6.10.07

One thing I notice again and again about Montreal is the innate cool often associated with NY street fashion that a lot of the 20-somethings seem to have here. People-watching could be a legitimate hobby in Montreal. The place is more European in its modes of thought, and clothes are no exception. These kids get pieces from countless hours of rummaging thrift stores and unique gems at vintage places along Mont Royal and Bernard rather than ransack the more upscale boutiques and designer labels of NYC. The finished product? An unlikely but distinct and charming look.

Of course, the biggest thing I've noticed about Montreal is the lack of fat people. Why do I always come back to this? For every one fat person, I see at least three hundred slims or skinnies. A feat, I think, considering most in the know start every day with a toasted and subsequently buttered fairmount sesame ('white') or poppy ('black') bagel and all these frites alors joints that seem immensely popular near the main.

Them riding their bikes everywhere and anytime might have something to do with it.

I haven't been riding a bike here.

(Though on my first night a man tried selling me one for $CA 20...)

But they say walking is good, and I've been walking my feet to pieces up and down St. Laurent from Fairmount & Du Parc (home) which takes about an hour if walking fast, exploring the main and using the metro about.

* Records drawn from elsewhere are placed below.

lemma pnodes_subset: "pnodes prec \<subseteq> Cs \<union> Es"
  by (auto simp: prefix_nodes_def)

lemma pnodes_backward: "y \<in> pnodes prec \<Longrightarrow> (z, y) \<in> G \<Longrightarrow> z \<in> pnodes prec"
  unfolding prefix_nodes_def by blast

lemma subset_pnodesI:
  assumes "X \<subseteq> Cs \<union> Es" "\<forall>x\<in>X. \<forall>y. (y, x) \<in> G \<longrightarrow> y \<in> X"
    "\<forall>e\<in>X \<inter> Es. \<forall>e'. lt G e' e \<longrightarrow> \<not> cutoff Cs Es G h prec e'"
  shows "X \<subseteq> pnodes prec"
  using assms unfolding prefix_nodes_def by blast

lemma cutoff_event: "cutoff Cs Es G h prec e \<Longrightarrow> e \<in> Es"
  by (auto simp: cutoff_def corresponding_def)

lemma config_subset_pnodes:
  assumes K: "cfg K" and no_cutoff: "\<forall>f\<in>K. \<forall>e. (e, f) \<in> G\<^sup>+ \<longrightarrow> \<not> cutoff Cs Es G h prec e"
  shows "K \<union> Min_conds Cs G \<union> post_set G K \<subseteq> pnodes prec"
proof (rule subset_pnodesI)
  show "K \<union> Min_conds Cs G \<union> post_set G K \<subseteq> Cs \<union> Es"
    using config_subset_events[OF K] post_subset_conds by (fastforce simp: post_set_def Min_conds_def)
  show "\<forall>x\<in>K \<union> Min_conds Cs G \<union> post_set G K. \<forall>y. (y, x) \<in> G \<longrightarrow>
      y \<in> K \<union> Min_conds Cs G \<union> post_set G K"
    using config_nodes_backward_closed[OF K] by blast
  have "(Min_conds Cs G \<union> post_set G K) \<inter> Es = {}"
    using post_subset_conds config_subset_events[OF K] conds_events_disjoint
    by (fastforce simp: post_set_def Min_conds_def)
  then show "\<forall>e\<in>(K \<union> Min_conds Cs G \<union> post_set G K) \<inter> Es. \<forall>e'. lt G e' e \<longrightarrow>
      \<not> cutoff Cs Es G h prec e'"
    using no_cutoff by (auto simp: lt_def)
qed

lemma post_pnodes:
  assumes e: "e \<in> pnodes prec" "e \<in> Es" and c: "c \<in> post G e"
  shows "c \<in> pnodes prec"
proof -
  obtain X where X: "e \<in> X" "X \<subseteq> Cs \<union> Es" "\<forall>x\<in>X. \<forall>y. (y, x) \<in> G \<longrightarrow> y \<in> X"
    "\<forall>e\<in>X \<inter> Es. \<forall>e'. lt G e' e \<longrightarrow> \<not> cutoff Cs Es G h prec e'"
    using e(1) unfolding prefix_nodes_def by blast
  have ec: "(e, c) \<in> G" using c by (simp add: post_def)
  have cC: "c \<in> Cs" using arc_from_event[OF ec e(2)] .
  have "insert c X \<subseteq> pnodes prec"
  proof (rule subset_pnodesI)
    show "insert c X \<subseteq> Cs \<union> Es" using X(2) cC by auto
    show "\<forall>x\<in>insert c X. \<forall>y. (y, x) \<in> G \<longrightarrow> y \<in> insert c X"
      using X(3) cond_pre_unique[OF ec _ cC] X(1) by blast
    show "\<forall>e\<in>insert c X \<inter> Es. \<forall>e'. lt G e' e \<longrightarrow> \<not> cutoff Cs Es G h prec e'"
      using X(4) cC conds_events_disjoint by blast
  qed
  then show ?thesis by simp
qed

lemma Cut_insert_subset_pnodes:
  assumes C: "cfg C" and no_cutoff: "\<forall>e\<in>C. \<not> cutoff Cs Es G h prec e"
    and e: "e \<in> Es" and enabled: "pre G e \<subseteq> Cut Cs G C"
  shows "insert e C \<subseteq> pnodes prec" "Cut Cs G (insert e C) \<subseteq> pnodes prec"
    "Cut Cs G C \<subseteq> pnodes prec"
proof -
  have "\<forall>f\<in>insert e C. \<forall>e'. (e', f) \<in> G\<^sup>+ \<longrightarrow> \<not> cutoff Cs Es G h prec e'"
    using enabled_past_in_config[OF C e enabled] config_downward[OF C] no_cutoff cutoff_event
    by blast
  then have nodes: "insert e C \<union> Min_conds Cs G \<union> post_set G (insert e C) \<subseteq> pnodes prec"
    using config_subset_pnodes[OF config_insert_enabled[OF C e enabled]] by blast
  then show "insert e C \<subseteq> pnodes prec" by blast
  show "Cut Cs G (insert e C) \<subseteq> pnodes prec" using nodes by (auto simp: Cut_def)
  have "Cut Cs G C \<subseteq> Min_conds Cs G \<union> post_set G (insert e C)"
    by (auto simp: Cut_def post_set_def)
  then show "Cut Cs G C \<subseteq> pnodes prec" using nodes by blast
qed

lemma rtrancl_parcs: "(x, y) \<in> G\<^sup>* \<Longrightarrow> y \<in> pnodes prec \<Longrightarrow> x \<in> pnodes prec \<and> (x, y) \<in> (parcs prec)\<^sup>*"
proof (induction rule: converse_rtrancl_induct)
  case (step x z)
  then have z: "z \<in> pnodes prec" "(z, y) \<in> (parcs prec)\<^sup>*" by simp_all
  moreover have "x \<in> pnodes prec" using pnodes_backward[OF z(1) step(1)] .
  ultimately show ?case using step(1) converse_rtrancl_into_rtrancl[of x z "parcs prec"] by blast
qed simp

(A monthly pass for the metro+bus can be had for $65 at the beginning of each month at most cornerstores, or as people here call them, 'depanneurs.')

Last night was Patrick Wolf. The venue as pictured in an earlier entry was Cabaret Juste Pour Rire on St. Laurent & Sherbrooke, which requires taking a bus, or, again, walking for an hour. I did the former on the way there, then walked back to the house after the show to look at the clubs scattered along St. Laurent (Orchid, Coco, Tokyo Bar, House).

If the police had busted in, a lot of people nursing drinks would have spent the night in jail; at 14-18 at most, the Patrick Wolf audience is a lot younger than those at Final Fantasy, and I could certainly understand why. Wolf projects a certain Peter Pan-ness (to be differentiated from just 'innocence' or 'naivete') that a lot of kids at this age identify with, and his songs are easy to listen to, among other things. I mean I, too, had become enamoured of him at a younger age. Cringing on more than one occasion went on due to this one Bishi who opened for Patrick. Ugh. Her horrible horny costume and screeching scares children and little dogs.

Surprisingly for me, since he has mostly used the keyboard of late (ukelele and his laptop in the past), Wolf used a violin on a few occasions (hommage to Owen Pallet?) This night:



(All footage taken by my now domesticated coolpix.)

To me, Wolf and Pallet are the perfect couple: Wolf has stage presence (sprinkled with self-conscious arrogance, which isn't necessarily bad in a musician of this calibre)- Pallet not so much. He prefers the attention to be on other things. While Pallet's instrumentation becomes possessed, it is Wolf's very own body that does this. See below in 'Tristan':



Pallet has technical brilliance and an eye for perfection- Wolf has this eye too, but his ability to use instruments real-time are relatively limited (albeit developed since Lycanthropy). Wolf's genius is in sing-a-song, his ability to compose music that sounds effortlessly complete and at the same time markedly different from anything else he has written- Pallet's genius is in the blood-soaked intricate weaving of tales & concepts, both visual and auditory. Pallet seems older than wolf. And yet Pallet needs Wolf just as Wolf needs Pallet. For all intents and purposes, however, Pallet seems to have superceded his lover.

Again, there are numerous parallels to be made. Pallet had birds fly around at one point; Wolf had stars:



After the crowd roared for an encore long and hard, Mr. Wolf finally came back on stage to do two songs. Then he finished with, of course, the magic position. With his shirt off.



I like this song a lot. Wolf has gotten noticeably brighter since Lycanthropy and I can't help but wonder what Peter Pan will show us next.